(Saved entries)
____
lemma hausdorff_content_Times_cball_le:
  fixes A :: "'a::metric_space set" and b :: "real ^ 'm::finite"
  assumes "bounded A" "diameter A \<le> t" "0 < t" "t \<le> R" "B \<subseteq> cball b R" "0 < d"
  shows "hausdorff_content d (A \<times> B)
    \<le> ennreal (product_const d CARD('m) * R ^ CARD('m) * t powr (d - CARD('m)))"
proof -
  define m where "m = CARD('m)"
  define N where "N = nat \<lceil>R / t\<rceil>"
  have "R / t \<le> N" "0 < N" using assms by (auto simp: N_def)
  then have "R \<le> N * t" using assms by (simp add: field_simps)
  have "N < R / t + 1" using ceiling_correct[of "R / t"] \<open>0 < N\<close> by (simp add: N_def)
  then have "N \<le> 2 * R / t" using assms by (simp add: field_simps)
  define c where "c = hc_alpha d * ((1 + 2 * real m) * t / 2) powr d"
  have "hausdorff_content d (A \<times> B) \<le> ennreal (real N ^ m * c)"
    using hausdorff_content_Times_cball_le_grid[OF assms(1,2,5) _ \<open>0 < N\<close> \<open>R \<le> N * t\<close> assms(6)] assms
    by (simp add: c_def m_def)
  also have "real N ^ m * c \<le> (2 * R / t) ^ m * c"
  proof (rule mult_right_mono)
    show "real N ^ m \<le> (2 * R / t) ^ m" using \<open>N \<le> 2 * R / t\<close> by (intro power_mono) auto
    show "0 \<le> c" using hc_alpha_pos[of d] assms by (simp add: c_def)
  qed
  also have "\<dots> = product_const d m * R ^ m * (t powr d / t ^ m)"
  proof -
    have "((1 + 2 * real m) * t / 2) powr d = ((1 + 2 * real m) / 2) powr d * t powr d"
      using assms by (subst powr_mult[symmetric]) (auto simp: field_simps)
    then show ?thesis
      using assms by (simp add: c_def product_const_def power_divide field_simps)
  qed
  also have "t powr d / t ^ m = t powr (d - m)"
    using assms by (simp add: powr_diff powr_realpow)
  finally show ?thesis by (simp add: m_def ennreal_leI order_trans)
qed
____
* EXERCISE DIRECTIONS
Give back exactly the lines above, from the line containing "define c where" through the line containing "proof (rule mult_right_mono)", with both end lines and nothing more.

* RESULT
  define c where "c = hc_alpha d * ((1 + 2 * real m) * t / 2) powr d"
  have "hausdorff_content d (A \<times> B) \<le> ennreal (real N ^ m * c)"
    using hausdorff_content_Times_cball_le_grid[OF assms(1,2,5) _ \<open>0 < N\<close> \<open>R \<le> N * t\<close> assms(6)] assms
    by (simp add: c_def m_def)
  also have "real N ^ m * c \<le> (2 * R / t) ^ m * c"
  proof (rule mult_right_mono)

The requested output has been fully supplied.